Dos Santos had consistently denied the crime and condemned all allegations as a politically motivated witch hunt.

Eczem’s lawyers intend to appeal the decision “to the competent court”.

“In this arbitration, the political story is clearly based on the legal analysis,” the company said in a statement sent to AFP on Friday.

One of Sonangol’s lawyers, Yas Banifatemi, told Dutch media that there was “nothing political” in the court’s decision.

“The arbitral tribunal has ruled that Isabel dos Santos has enriched herself with money stolen from Angolan people,” said Banifatemi, quoted in the Dutch daily Het Financieele Dagblad.

‘The Princess’

President Joao Lourenco has vowed to crack down on corruption since dos Santos retired in 2017, removing his predecessor’s companions from key positions and investigating the previous regime for alleged transplants.

He has targeted several members of the dos Santos family, including Isabel and her younger brother Jose Filomeno dos Santos, who were sentenced to five years in prison for diverting oil revenues last year.

Isabel is the eldest daughter of Angola’s former president, accused of ruling the country with an iron fist and leaving a legacy of poverty and nepotism.

The British-educated billionaire businesswoman has faced several accusations of having looted the public purse and found the money abroad.

In a group of 715,000 files released in January 2020 by the award-winning New York-based International Consortium of Investigative Journalists (ICIJ) called the “Luanda Leaks,” dos Santos was accused of siphoning state funds from the oil-rich but impoverished country to assets at sea.

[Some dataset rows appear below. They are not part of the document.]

(* Let $T:M_d\to M_d$ be completely positive with $T(I)\le I$, and assume $T$ belongs to a finite set $A$ of positive subunital maps on $M_d$ that is closed under composition. Then $n_T\le d$. More precisely, if $n=n_T$ and \[ Q=\bigvee_{k=0}^{n-1}\mathrm{supp}(T^k(d(T))),\qquad s=\mathrm{rank}(Q), \] then $n_T\le s\le d$.
   Context: $M_d$ is the algebra of complex $d\times d$ matrices ordered by positive semidefiniteness, with unit $I$. A map is positive if it preserves positive semidefiniteness and subunital if $T(I)\le I$. The defect is $d(T)=I-T(I)$, the stabilization index is $n_T=\min\{n\ge1: T^n(d(T))=0\}$ (with $T^0=\mathrm{id}$). For positive semidefinite $x$, $\mathrm{supp}(x)$ is the orthogonal projection onto the range of $x$. *)

theory Defs
  imports "Jordan_Normal_Form.Schur_Decomposition" "Jordan_Normal_Form.DL_Rank"
begin

definition psd :: "nat \<Rightarrow> complex mat \<Rightarrow> bool" where
  "psd n A \<longleftrightarrow> A \<in> carrier_mat n n \<and> mat_adjoint A = A \<and>
     (\<forall>v \<in> carrier_vec n. 0 \<le> Re ((A *\<^sub>v v) \<bullet>c v))"

definition loewner_le :: "nat \<Rightarrow> complex mat \<Rightarrow> complex mat \<Rightarrow> bool" where
  "loewner_le n A B \<longleftrightarrow> A \<in> carrier_mat n n \<and> B \<in> carrier_mat n n \<and> psd n (B - A)"

text \<open>A complex-linear map M_d -> M_d (behaviour outside the carrier is irrelevant).\<close>
definition lin_map :: "nat \<Rightarrow> (complex mat \<Rightarrow> complex mat) \<Rightarrow> bool" where
  "lin_map d T \<longleftrightarrow> (\<forall>X \<in> carrier_mat d d. T X \<in> carrier_mat d d) \<and>
     (\<forall>X \<in> carrier_mat d d. \<forall>Y \<in> carrier_mat d d. T (X + Y) = T X + T Y) \<and>
     (\<forall>c. \<forall>X \<in> carrier_mat d d. T (c \<cdot>\<^sub>m X) = c \<cdot>\<^sub>m T X)"

definition positive_map :: "nat \<Rightarrow> (complex mat \<Rightarrow> complex mat) \<Rightarrow> bool" where
  "positive_map d T \<longleftrightarrow> lin_map d T \<and> (\<forall>X. psd d X \<longrightarrow> psd d (T X))"

definition subunital :: "nat \<Rightarrow> (complex mat \<Rightarrow> complex mat) \<Rightarrow> bool" where
  "subunital d T \<longleftrightarrow> loewner_le d (T (1\<^sub>m d)) (1\<^sub>m d)"

definition block :: "nat \<Rightarrow> complex mat \<Rightarrow> nat \<Rightarrow> nat \<Rightarrow> complex mat" where
  "block d X p q = mat d d (\<lambda>(a, b). X $$ (p * d + a, q * d + b))"

text \<open>Ampliation id_{M_k} (x) T acting on M_k(M_d) = M_{kd}, blockwise.\<close>
definition ampliation :: "nat \<Rightarrow> nat \<Rightarrow> (complex mat \<Rightarrow> complex mat) \<Rightarrow> complex mat \<Rightarrow> complex mat" where
  "ampliation k d T X = mat (k * d) (k * d)
     (\<lambda>(i, j). T (block d X (i div d) (j div d)) $$ (i mod d, j mod d))"

definition completely_positive :: "nat \<Rightarrow> (complex mat \<Rightarrow> complex mat) \<Rightarrow> bool" where
  "completely_positive d T \<longleftrightarrow> lin_map d T \<and>
     (\<forall>k \<ge> 1. \<forall>X. psd (k * d) X \<longrightarrow> psd (k * d) (ampliation k d T X))"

The nickname “the princess” in Angola was accused of having amassed her vast fortune thanks to the support of her authoritarian father.

In Portugal, in addition to Galp, she has large banking investments and has a controlling share in a Portuguese cable TV and telecom company.

In December 2019, Angola’s prosecutor froze bank accounts and assets owned by her and her Congolese husband Sindika Dokolo, who died last year, a move she described as an unfounded political vendetta.

Dos Santos became Africa’s richest woman after Forbes named her the continent’s first female billionaire in 2013. She lost that title when her assets were frozen.